- _Records supplied_
text \<open>\<open>\<tau>\<close> is chosen so that \<open>\<tau> + c \<tau> = A\<close> and \<open>\<tau> - c \<tau> = B\<close>, which makes the quintic factor
  as in \<open>quintic_factorization\<close>.\<close>

definition "\<theta> = - (z + c z)"
definition "\<omega> = z - c z"
definition "T = 1 + \<theta> ^ 2"
definition "D = 1 - T * w ^ 2"
definition "Pp = T * (w + 1) ^ 2 - 1"
definition "Pm = T * (w - 1) ^ 2 - 1"
definition "\<phi> = w ^ 3 - w"
definition "A = Pp * Pm / (\<theta> * D ^ 2)"
definition "B = T ^ 2 * \<omega> * \<phi> / (\<theta> * D ^ 2)"
definition "\<tau> = - (A + B)"
definition "K n = \<theta> ^ 2 * (D * n + 1) ^ 3 - \<theta> ^ 2 * T * (D * n + 1) ^ 2 + \<phi> ^ 2 * T ^ 3"
definition "n_of y = (\<phi> * T / (\<theta> * y) - 1) / D"

lemma c_\<theta>: "c \<theta> = \<theta>"
  unfolding \<theta>_def by (simp add: add.commute)

lemma c_\<omega>: "c \<omega> = - \<omega>"
  unfolding \<omega>_def by simp

lemma \<omega>_square: "\<omega> ^ 2 = T"
proof -
  have "\<omega> ^ 2 = \<theta> ^ 2 - 4 * (z * c z)"
    unfolding \<omega>_def \<theta>_def by Groebner_Basis.algebra
  thus ?thesis
    unfolding T_def z_norm four_eq_one by simp
qed

lemma T_not_square:
  assumes "c x = x"
  shows "T \<noteq> x ^ 2"
proof
  assume "T = x ^ 2"
  hence "\<omega> = x \<or> \<omega> = - x"
    using \<omega>_square by (simp add: power2_eq_iff)
  hence "c \<omega> = \<omega>"
    using assms by auto
  hence "\<omega> = 0"
    using c_\<omega> eq_minus_self_iff by metis
  thus False
    using z_not_fixed unfolding \<omega>_def by simp
qed

lemma T_mult_square_neq_1:
  assumes "c x = x"
  shows "T * x ^ 2 \<noteq> 1"
proof
  assume "T * x ^ 2 = 1"
  hence "x \<noteq> 0"
    by auto
  with \<open>T * x ^ 2 = 1\<close> have "T = (1 / x) ^ 2"
    by (simp add: power_one_over eq_divide_eq)
  with assms T_not_square[of "1 / x"] show False
    by simp
qed

lemma c_T: "c T = T"
  unfolding T_def by (simp add: c_\<theta>)

lemma c_D: "c D = D"
  unfolding D_def by (simp add: c_T w_fixed)

lemma c_Pp: "c Pp = Pp"
  unfolding Pp_def by (simp add: c_T w_fixed)

lemma c_Pm: "c Pm = Pm"
  unfolding Pm_def by (simp add: c_T w_fixed)

lemma c_\<phi>: "c \<phi> = \<phi>"
  unfolding \<phi>_def by (simp add: w_fixed)

lemma w_neq: "w \<noteq> 0" "w - 1 \<noteq> 0" "w + 1 \<noteq> 0"
  using w_cube cube_eq_self_iff[of w] by (auto simp: eq_neg_iff_add_eq_0)

lemma \<phi>_neq_0: "\<phi> \<noteq> 0"
  unfolding \<phi>_def using w_cube by simp

lemma \<theta>_neq_0: "\<theta> \<noteq> 0"
  using T_not_square[of 1] unfolding T_def by auto

lemma T_neq_0: "T \<noteq> 0"
  using T_not_square[of 0] by simp

lemma D_neq_0: "D \<noteq> 0"
  using T_mult_square_neq_1[OF w_fixed] unfolding D_def by simp

lemma Pp_neq_0: "Pp \<noteq> 0"
  using T_mult_square_neq_1[of "w + 1"] w_fixed unfolding Pp_def by simp

lemma Pm_neq_0: "Pm \<noteq> 0"
  using T_mult_square_neq_1[of "w - 1"] w_fixed unfolding Pm_def by simp

lemma c_A: "c A = A"
  unfolding A_def by (simp add: c_Pp c_Pm c_\<theta> c_D)

lemma c_B: "c B = - B"
  unfolding B_def by (simp add: c_T c_\<omega> c_\<phi> c_\<theta> c_D)

lemma B_neq_0: "B \<noteq> 0"
  unfolding B_def using T_neq_0 \<phi>_neq_0 \<theta>_neq_0 D_neq_0 z_not_fixed by (simp add: \<omega>_def)

lemma c_\<tau>_neq: "c \<tau> \<noteq> \<tau>" and \<tau>_plus_c: "\<tau> + c \<tau> = A" and \<tau>_minus_c: "\<tau> - c \<tau> = B"
proof -
  have c\<tau>: "c \<tau> = - (A - B)"
    unfolding \<tau>_def by (simp add: c_A c_B)
  show "c \<tau> \<noteq> \<tau>"
    unfolding c\<tau> unfolding \<tau>_def using B_neq_0 eq_minus_self_iff[of B] by auto
  show "\<tau> + c \<tau> = A"
    unfolding c\<tau> unfolding \<tau>_def using add_self[of A] by (simp add: algebra_simps)
  show "\<tau> - c \<tau> = B"
    unfolding c\<tau> unfolding \<tau>_def using add_self[of B] by (simp add: algebra_simps)
qed

lemma \<theta>_square: "\<theta> ^ 2 = T - 1"
  unfolding T_def by simp

lemma quintic_factorization:
  "\<theta> ^ 2 * D ^ 5 * quintic A B n = (D * n - Pm) * (D * n - Pp) * K n"
proof -
  have "\<theta> * D ^ 2 \<noteq> 0"
    using \<theta>_neq_0 D_neq_0 by simp
  hence "(\<theta> * D ^ 2) * A = Pp * Pm" and "(\<theta> * D ^ 2) * B = T ^ 2 * \<omega> * \<phi>"
    unfolding A_def B_def by simp_all
  hence A2: "(\<theta> * D ^ 2) ^ 2 * A ^ 2 = Pp ^ 2 * Pm ^ 2"
    and B2: "(\<theta> * D ^ 2) ^ 2 * B ^ 2 = T ^ 5 * \<phi> ^ 2"
    using \<omega>_square by Groebner_Basis.algebra+
  have "\<theta> ^ 2 * D ^ 5 * quintic A B n
      = D * (\<theta> ^ 2 * D ^ 4 * n ^ 3 * (n + 1) ^ 2 - ((\<theta> * D ^ 2) ^ 2 * A ^ 2) * (n + 1) ^ 2
          + ((\<theta> * D ^ 2) ^ 2 * B ^ 2) * n ^ 2)"
    unfolding quintic_def by Groebner_Basis.algebra
  also have "\<dots> = (D * n - Pm) * (D * n - Pp) * K n"
    unfolding A2 B2 unfolding K_def \<theta>_square D_def Pp_def Pm_def \<phi>_def
    by (rule char3_eqI[OF three quintic_factorization_certificate])
  finally show ?thesis .
qed

lemma quintic_eq_0_iff_factors:
  "quintic A B n = 0 \<longleftrightarrow> n = Pm / D \<or> n = Pp / D \<or> K n = 0"
proof -
  have "\<theta> ^ 2 * D ^ 5 \<noteq> 0"
    using \<theta>_neq_0 D_neq_0 by simp
  hence "quintic A B n = 0 \<longleftrightarrow> (D * n - Pm) * (D * n - Pp) * K n = 0"
    unfolding quintic_factorization[symmetric] by simp
  also have "\<dots> \<longleftrightarrow> D * n = Pm \<or> D * n = Pp \<or> K n = 0"
    by simp
  also have "\<dots> \<longleftrightarrow> n = Pm / D \<or> n = Pp / D \<or> K n = 0"
    using D_neq_0 by (auto simp: eq_divide_eq mult.commute)
  finally show ?thesis .
qed

lemma K_Pm_neq_0: "K (Pm / D) \<noteq> 0"
proof -
  have "D * (Pm / D) + 1 = T * (w - 1) ^ 2"
    using D_neq_0 by (simp add: Pm_def)
  hence "K (Pm / D) = T ^ 3 * w * (w + 1) * (w - 1) ^ 2 * Pm"
    unfolding K_def \<theta>_square \<phi>_def Pm_def
    by (simp only:) (rule char3_eqI[OF three cubic_factorization_certificate(1)])
  thus ?thesis
    using T_neq_0 w_neq Pm_neq_0 by simp
qed

lemma K_Pp_neq_0: "K (Pp / D) \<noteq> 0"
proof -
  have "D * (Pp / D) + 1 = T * (w + 1) ^ 2"
    using D_neq_0 by (simp add: Pp_def)
  hence "K (Pp / D) = T ^ 3 * w * (w - 1) * (w + 1) ^ 2 * Pp"
    unfolding K_def \<theta>_square \<phi>_def Pp_def
    by (simp only:) (rule char3_eqI[OF three cubic_factorization_certificate(2)])
  thus ?thesis
    using T_neq_0 w_neq Pp_neq_0 by simp
qed

text \<open>The zeros of \<open>K\<close> correspond, via \<open>y = \<phi> T / (\<theta> (D n + 1))\<close>, to the roots of the
  Artin--Schreier polynomial \<open>y\<^sup>3 - y + \<phi> / \<theta>\<close>.\<close>

lemma K_n_of_eq_0_iff:
  assumes "y \<noteq> 0"
  shows "K (n_of y) = 0 \<longleftrightarrow> y ^ 3 - y + \<phi> / \<theta> = 0"
proof -
  define s where "s = D * n_of y + 1"
  have s: "s = \<phi> * T / (\<theta> * y)"
    unfolding s_def n_of_def using D_neq_0 by simp
  hence "s \<noteq> 0"
    using assms \<phi>_neq_0 T_neq_0 \<theta>_neq_0 by simp
  have y: "y = \<phi> * T / (\<theta> * s)"
    unfolding s using assms \<phi>_neq_0 T_neq_0 \<theta>_neq_0 by simp
  have "y ^ 3 - y + \<phi> / \<theta> = \<phi> * K (n_of y) / (\<theta> ^ 3 * s ^ 3)"
    unfolding K_def s_def[symmetric] unfolding y
    by (rule artin_schreier_substitution[OF \<open>s \<noteq> 0\<close> \<theta>_neq_0])
  thus ?thesis
    using \<phi>_neq_0 \<theta>_neq_0 \<open>s \<noteq> 0\<close> by simp
qed

lemma K_eq_0_imp_n_of:
  assumes "K n = 0"
  obtains y where "y \<noteq> 0" and "n = n_of y"
proof
  have "D * n + 1 \<noteq> 0"
    using assms \<phi>_neq_0 T_neq_0 unfolding K_def by auto
  thus "\<phi> * T / (\<theta> * (D * n + 1)) \<noteq> 0"
    using \<phi>_neq_0 T_neq_0 \<theta>_neq_0 by simp
  show "n = n_of (\<phi> * T / (\<theta> * (D * n + 1)))"
    unfolding n_of_def using \<open>D * n + 1 \<noteq> 0\<close> \<phi>_neq_0 T_neq_0 \<theta>_neq_0 D_neq_0
    by (simp add: field_simps)
qed

lemma c_n_of: "c (n_of y) = n_of (c y)"
  unfolding n_of_def by (simp add: c_\<phi> c_T c_\<theta> c_D)

lemma n_of_inj:
  assumes "y1 \<noteq> 0" and "y2 \<noteq> 0" and "n_of y1 = n_of y2"
  shows "y1 = y2"
  using assms D_neq_0 \<phi>_neq_0 T_neq_0 \<theta>_neq_0 unfolding n_of_def by (simp add: field_simps)

lemma artin_schreier_root_neq_0:
  assumes "y ^ 3 - y + \<phi> / \<theta> = 0"
  shows "y \<noteq> 0"
proof
  assume "y = 0"
  with assms have "\<phi> / \<theta> = 0"
    by (simp add: power_0_left)
  with \<phi>_neq_0 \<theta>_neq_0 show False
    by simp
qed

lemma fixed_K_zeros_eq: "{n. c n = n \<and> K n = 0} = n_of ` {y. c y = y \<and> y ^ 3 - y + \<phi> / \<theta> = 0}"
proof (intro Set.set_eqI iffI)
  fix n
  assume "n \<in> {n. c n = n \<and> K n = 0}"
  hence "c n = n" and "K n = 0"
    by simp_all
  then obtain y where "y \<noteq> 0" and n: "n = n_of y"
    using K_eq_0_imp_n_of by blast
  have "n_of (c y) = n_of y"
    using \<open>c n = n\<close> unfolding n c_n_of .
  hence "c y = y"
    by (rule n_of_inj[rotated 2]) (use \<open>y \<noteq> 0\<close> in simp_all)
  moreover have "y ^ 3 - y + \<phi> / \<theta> = 0"
    using \<open>K n = 0\<close> unfolding n K_n_of_eq_0_iff[OF \<open>y \<noteq> 0\<close>] .
  ultimately show "n \<in> n_of ` {y. c y = y \<and> y ^ 3 - y + \<phi> / \<theta> = 0}"
    unfolding n by blast
next
  fix n
  assume "n \<in> n_of ` {y. c y = y \<and> y ^ 3 - y + \<phi> / \<theta> = 0}"
  then obtain y where "c y = y" and root: "y ^ 3 - y + \<phi> / \<theta> = 0" and n: "n = n_of y"
    by blast
  thus "n \<in> {n. c n = n \<and> K n = 0}"
    using artin_schreier_root_neq_0[OF root] by (simp add: c_n_of K_n_of_eq_0_iff)
qed

lemma quintic_roots_eq:
  "{n. c n = n \<and> n \<noteq> 0 \<and> n \<noteq> -1 \<and> quintic A B n = 0}
    = {Pm / D, Pp / D} \<union> n_of ` {y. c y = y \<and> y ^ 3 - y + \<phi> / \<theta> = 0}"
proof -
  have "quintic A B 0 \<noteq> 0" and "quintic A B (-1) \<noteq> 0"
    using Pp_neq_0 Pm_neq_0 \<theta>_neq_0 D_neq_0 B_neq_0 by (simp_all add: quintic_def A_def)
  hence "{n. c n = n \<and> n \<noteq> 0 \<and> n \<noteq> -1 \<and> quintic A B n = 0}
      = {n. c n = n \<and> (n = Pm / D \<or> n = Pp / D \<or> K n = 0)}"
    using quintic_eq_0_iff_factors by blast
  also have "\<dots> = {Pm / D, Pp / D} \<union> {n. c n = n \<and> K n = 0}"
    by (auto simp: c_Pm c_Pp c_D)
  finally show ?thesis
    unfolding fixed_K_zeros_eq .
qed

lemma card_quintic_roots:
  "card {n. c n = n \<and> n \<noteq> 0 \<and> n \<noteq> -1 \<and> quintic A B n = 0}
    = 2 + card {y. c y = y \<and> y ^ 3 - y + \<phi> / \<theta> = 0}"
    (is "_ = 2 + card ?S")
proof -
  have "Pp - Pm = 4 * (T * w)"
    unfolding Pp_def Pm_def by Groebner_Basis.algebra
  hence "Pp - Pm = T * w"
    unfolding four_eq_one by simp
  hence "Pm / D \<noteq> Pp / D"
    using D_neq_0 T_neq_0 w_neq by (auto simp: divide_cancel_right)
  moreover have "K (n_of y) = 0" if "y \<in> ?S" for y
    using that artin_schreier_root_neq_0[of y] by (simp add: K_n_of_eq_0_iff)
  hence "{Pm / D, Pp / D} \<inter> n_of ` ?S = {}"
    using K_Pm_neq_0 K_Pp_neq_0 by auto
  moreover have "inj_on n_of ?S"
  proof (rule inj_onI)
    fix y1 y2
    assume "y1 \<in> ?S" and "y2 \<in> ?S" and "n_of y1 = n_of y2"
    hence "y1 \<noteq> 0" and "y2 \<noteq> 0"
      using artin_schreier_root_neq_0 by blast+
    thus "y1 = y2"
      by (rule n_of_inj) fact
  qed
  ultimately show ?thesis
    unfolding quintic_roots_eq
    by (simp add: card_Un_disjoint card_image finite_fixed_artin_schreier_roots)
qed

- _What to work on_
Count of lines in the data above that contain the string "only": give this number and no other words.

- _Exercise output_
2